After five long months of negotiations, political assassinations, bombings and bloodletting, Iraq’s first permanent elected government since the fall of Saddam Hussein was finally sworn in this month.  Whilst analysts have focused on the notable absences of a defence or interior minister and the continuing civil clashes between Sunni and Shia militias in the South and centre of Iraq, there has been little discussion of the one ethnic group so ominously associated with the horrors of the Ba’ath regime – the Kurds.  The relative stability of the Kurdish dominated northern Mosul province and the substantial presence of Kurds in government – including the President and Foreign Minister – might suggest a degree of acquiescence from these traditional separatists towards the new government.  However, as the rest of Iraq continues to tear itself apart along sectarian lines, The Kurdish Regional Government is already making a quiet bid for greater economic independence from Baghdad through foreign oil contracts, and calls for political independence are again in the air.   The possibility of a dismembered Iraq begins to seem like a plausible option both at home and abroad.  Were this to happen, Kurdish eyes would inevitably turn to their stolen dream of 1920: a greater Kurdistan encompassing territories of Iraq, Turkey, Syria and Iran.  Yet this goal, if realized, could have enormous regional and global repercussions and must be avoided at all costs.
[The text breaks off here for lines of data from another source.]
lemma ip_lincomb_left:
  assumes "f \<in> L2" "g \<in> L2" "h \<in> L2"
  shows "ip (\<lambda>x. a * f x + b * g x) h = a * ip f h + b * ip g h"
  unfolding ip_def using L2_integrable_mult[OF assms(1,3)] L2_integrable_mult[OF assms(2,3)]
  by (simp add: algebra_simps)

lemma ip_lincomb_right:
  "f \<in> L2 \<Longrightarrow> g \<in> L2 \<Longrightarrow> h \<in> L2 \<Longrightarrow> ip h (\<lambda>x. a * f x + b * g x) = a * ip h f + b * ip h g"
  using ip_lincomb_left[of f g h a b] by (simp add: ip_commute)

lemma ip_lincomb_self_orthogonal:
  assumes "f \<in> L2" "g \<in> L2" "ip f g = 0"
  shows "ip (\<lambda>x. a * f x + b * g x) (\<lambda>x. a * f x + b * g x) = a\<^sup>2 * ip f f + b\<^sup>2 * ip g g"
proof -
  have fg: "(\<lambda>x. a * f x + b * g x) \<in> L2" using assms(1,2) by (rule L2_lincomb)
  have "ip (\<lambda>x. a * f x + b * g x) (\<lambda>x. a * f x + b * g x)
      = a * (a * ip f f + b * ip f g) + b * (a * ip g f + b * ip g g)"
    using assms fg by (simp add: ip_lincomb_left ip_lincomb_right)
  then show ?thesis using assms(3) by (simp add: ip_commute[of g f] power2_eq_square)
qed

lemma ip_sum_left:
  fixes n :: nat
  shows "(\<And>j. j < n \<Longrightarrow> f j \<in> L2) \<Longrightarrow> h \<in> L2 \<Longrightarrow> ip (\<lambda>x. \<Sum>j<n. s j * f j x) h = (\<Sum>j<n. s j * ip (f j) h)"
proof (induction n)
  case 0
  then show ?case by (simp add: ip_def)
next
  case (Suc n)
  then show ?case
    using ip_lincomb_left[of "\<lambda>x. \<Sum>j<n. s j * f j x" "f n" h 1 "s n"] by (simp add: L2_sum)
qed

lemma ip_self_eq_0_imp_AE:
  assumes "f \<in> L2" "ip f f = 0"
  shows "AE x in lborel. f x = 0"
  using assms integral_nonneg_eq_0_iff_AE[of lborel "\<lambda>x. (f x)\<^sup>2"]
  by (simp add: L2_def ip_def power2_eq_square)

lemma ip_AE_0_right: "AE x in lborel. g x = 0 \<Longrightarrow> ip f g = 0"
  unfolding ip_def by (intro integral_eq_zero_AE) (auto elim: AE_mp)

lemma gram_orthogonal_direction:
  fixes n :: nat and f :: "nat \<Rightarrow> real \<Rightarrow> real"
  assumes L2: "\<And>j. j < Suc n \<Longrightarrow> f j \<in> L2"
    and indep: "\<And>q. AE x in lborel. (\<Sum>j<Suc n. q j * f j x) = 0 \<Longrightarrow> \<forall>j<Suc n. q j = 0"
    and proj: "\<forall>k<n. ip (f k) (\<lambda>x. \<Sum>j<n. q' j * f j x) = ip (f k) (f n)"
  defines "q \<equiv> \<lambda>j. if j = n then 1 else - q' j"
  shows "\<forall>k<n. ip (f k) (\<lambda>x. \<Sum>j<Suc n. q j * f j x) = 0"
    and "ip (f n) (\<lambda>x. \<Sum>j<Suc n. q j * f j x) \<noteq> 0"
proof -
  define P where "P x = (\<Sum>j<n. q' j * f j x)" for x
  define w where "w x = 1 * f n x + (- 1) * P x" for x
  have w_eq: "w = (\<lambda>x. \<Sum>j<Suc n. q j * f j x)"
    by (auto simp: w_def P_def q_def sum_negf[symmetric] intro!: sum.cong)
  have fn: "f n \<in> L2" and P: "P \<in> L2"
    using L2 by (auto simp: P_def[abs_def] L2_sum)
  have w: "w \<in> L2" unfolding w_def[abs_def] by (rule L2_lincomb[OF fn P])
  have fk_w: "ip (f k) w = 0" if "k < n" for k
  proof -
    have "f k \<in> L2" using L2 that by simp
    then show ?thesis
      unfolding w_def[abs_def] ip_lincomb_right[OF fn P \<open>f k \<in> L2\<close>] using proj that by (simp add: P_def[abs_def])
  qed
  then show "\<forall>k<n. ip (f k) (\<lambda>x. \<Sum>j<Suc n. q j * f j x) = 0" by (simp add: w_eq)
  have "ip P w = 0"
    using L2 w fk_w by (simp add: P_def[abs_def] ip_sum_left)
  then have "ip (f n) w = ip w w"
    using ip_lincomb_left[OF fn P w, of 1 "- 1"] by (simp add: w_def[abs_def])
  moreover have "ip w w \<noteq> 0"
  proof
    assume "ip w w = 0"
    then have "AE x in lborel. (\<Sum>j<Suc n. q j * f j x) = 0"
      using ip_self_eq_0_imp_AE[OF w] by (simp add: w_eq)
    then show False using indep[of q] by (auto simp: q_def)
  qed
  ultimately show "ip (f n) (\<lambda>x. \<Sum>j<Suc n. q j * f j x) \<noteq> 0" by (simp add: w_eq)
qed

lemma gram_system_solvable:
  fixes n :: nat and f :: "nat \<Rightarrow> real \<Rightarrow> real"
  assumes "\<And>j. j < n \<Longrightarrow> f j \<in> L2"
    and "\<And>q. AE x in lborel. (\<Sum>j<n. q j * f j x) = 0 \<Longrightarrow> \<forall>j<n. q j = 0"
  shows "\<exists>q. \<forall>k<n. ip (f k) (\<lambda>x. \<Sum>j<n. q j * f j x) = b k"
  using assms
proof (induction n arbitrary: b)
  case (Suc n)
  have L2: "\<And>j. j < n \<Longrightarrow> f j \<in> L2" using Suc.prems(1) by (meson less_SucI)
  have indep: "\<forall>j<n. q j = 0" if "AE x in lborel. (\<Sum>j<n. q j * f j x) = 0" for q
  proof -
    have "(\<Sum>j<n. (q(n := 0)) j * f j x) = (\<Sum>j<n. q j * f j x)" for x by (intro sum.cong) auto
    then have "\<forall>j<Suc n. (q(n := 0)) j = 0" using that by (intro Suc.prems(2)) simp
    then show ?thesis by (auto dest: less_SucI)
  qed
  have IH: "\<exists>q. \<forall>k<n. ip (f k) (\<lambda>x. \<Sum>j<n. q j * f j x) = c k" for c
    by (rule Suc.IH[OF L2 indep])
  obtain q' where "\<forall>k<n. ip (f k) (\<lambda>x. \<Sum>j<n. q' j * f j x) = ip (f k) (f n)"
    using IH[of "\<lambda>k. ip (f k) (f n)"] by blast
  note w = gram_orthogonal_direction[OF Suc.prems this]
  define w where "w x = (\<Sum>j<Suc n. (if j = n then 1 else - q' j) * f j x)" for x
  obtain q0 where q0: "\<forall>k<n. ip (f k) (\<lambda>x. \<Sum>j<n. q0 j * f j x) = b k"
    using IH[of b] by blast
  define U where "U x = (\<Sum>j<n. q0 j * f j x)" for x
  define t where "t = (b n - ip (f n) U) / ip (f n) w"
  define q where "q j = (if j < n then q0 j else 0) + t * (if j = n then 1 else - q' j)" for j
  have U: "U \<in> L2" unfolding U_def[abs_def] by (rule L2_sum) (rule L2)
  have w_L2: "w \<in> L2" unfolding w_def[abs_def] by (rule L2_sum) (rule Suc.prems(1))
  have q_sum: "(\<lambda>x. \<Sum>j<Suc n. q j * f j x) = (\<lambda>x. 1 * U x + t * w x)"
    by (simp add: q_def U_def w_def distrib_right sum.distrib sum_distrib_left sum_negf right_diff_distrib mult.assoc)
  have "ip (f k) (\<lambda>x. \<Sum>j<Suc n. q j * f j x) = b k" if k: "k < Suc n" for k
  proof -
    have "ip (f k) (\<lambda>x. \<Sum>j<Suc n. q j * f j x) = ip (f k) U + t * ip (f k) w"
      unfolding q_sum ip_lincomb_right[OF U w_L2 Suc.prems(1)[OF k]] by simp
    also have "\<dots> = b k"
    proof (cases "k < n")
      case True
      then show ?thesis using q0 w(1) by (simp add: U_def[abs_def] w_def[abs_def])
    next
      case False
      then have "k = n" using k by simp
      then show ?thesis using w(2) by (simp add: t_def w_def[abs_def])
    qed
    finally show ?thesis .
  qed
  then show ?case by blast
qed simp

lemma perp_eq_lincomb: "perp \<eta> f = (\<lambda>x. 1 * f x + (- ip f \<eta>) * \<eta> x)"
  by (simp add: perp_def)

lemma perp_in_L2: "f \<in> L2 \<Longrightarrow> \<eta> \<in> L2 \<Longrightarrow> perp \<eta> f \<in> L2"
  unfolding perp_eq_lincomb by (rule L2_lincomb)

lemma perp_orthogonal: "f \<in> L2 \<Longrightarrow> \<eta> \<in> L2 \<Longrightarrow> ip \<eta> \<eta> = 1 \<Longrightarrow> ip (perp \<eta> f) \<eta> = 0"
  unfolding perp_eq_lincomb by (subst ip_lincomb_left) auto

lemma L2_lin_indep_perp:
  assumes indep: "L2_lin_indep (\<eta> # xs)"
    and AE_0: "AE x in lborel. (\<Sum>j<length xs. q j * perp \<eta> (xs ! j) x) = 0"
  shows "\<forall>j<length xs. q j = 0"
proof -
  define c where "c k = (if k = 0 then - (\<Sum>j<length xs. q j * ip (xs ! j) \<eta>) else q (k - 1))" for k
  have "(\<Sum>k<length (\<eta> # xs). c k * ((\<eta> # xs) ! k) x) = (\<Sum>j<length xs. q j * perp \<eta> (xs ! j) x)" for x
    by (simp only: length_Cons sum.lessThan_Suc_shift nth_Cons_0 nth_Cons_Suc)
      (simp add: c_def perp_def algebra_simps sum_subtractf sum_distrib_right sum_distrib_left)
  then have "\<forall>k<length (\<eta> # xs). c k = 0"
    using indep AE_0 by (simp add: L2_lin_indep_def)
  then show ?thesis by (auto simp: c_def)
qed

lemma exists_perp_dual_vector:
  assumes \<eta>: "\<eta> \<in> L2" "ip \<eta> \<eta> = 1" and xs: "set xs \<subseteq> L2" and indep: "L2_lin_indep (\<eta> # xs)"
  obtains u where "u \<in> L2" "ip u \<eta> = 0" "\<And>k. k < length xs \<Longrightarrow> ip (perp \<eta> (xs ! k)) u = ip (xs ! k) \<eta>"
proof -
  define p where "p k = perp \<eta> (xs ! k)" for k
  have p: "p k \<in> L2" "ip (p k) \<eta> = 0" if "k < length xs" for k
  proof -
    have "xs ! k \<in> L2" using that xs by auto
    then show "p k \<in> L2" "ip (p k) \<eta> = 0" using \<eta> by (simp_all add: p_def perp_in_L2 perp_orthogonal)
  qed
  obtain q where q: "\<forall>k<length xs. ip (p k) (\<lambda>x. \<Sum>j<length xs. q j * p j x) = ip (xs ! k) \<eta>"
    using gram_system_solvable[of "length xs" p "\<lambda>k. ip (xs ! k) \<eta>"] p(1) L2_lin_indep_perp[OF indep]
    by (auto simp: p_def)
  show ?thesis
  proof (rule that)
    show "(\<lambda>x. \<Sum>j<length xs. q j * p j x) \<in> L2" "ip (\<lambda>x. \<Sum>j<length xs. q j * p j x) \<eta> = 0"
      using p \<eta> by (simp_all add: L2_sum ip_sum_left)
  qed (use q in \<open>simp add: p_def\<close>)
qed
Kurdish nationalists argue that historical Kurdistan covers an area of 74,000 square miles encompassing a population of 27-28 million.  Yet the largest single group, 12 million, are located not in war-torn Iraq, but in secular Turkey – a country not unfamiliar with its own ‘Kurdish problem’.  After a 15 year guerrilla campaign led by the separatist PKK, South-Eastern TurkeyDiyarbakir and Batman in March of this year have questioned how much progress has really been made.  The Turkish Kurds have every right to feel displeased.  Any journey through the region is frequently interrupted by Army checkpoints on all major roads, as a strong military presence remains visible to keep the separatists in line.  The Kurdish language is not recognized by the government and remains absent from all aspects of the media and basic education.  Flying the red white and green Kurdish flag is illegal and, until recently, any talk of secession could lead to imprisonment.  Kurds in Turkey are very much second class citizens.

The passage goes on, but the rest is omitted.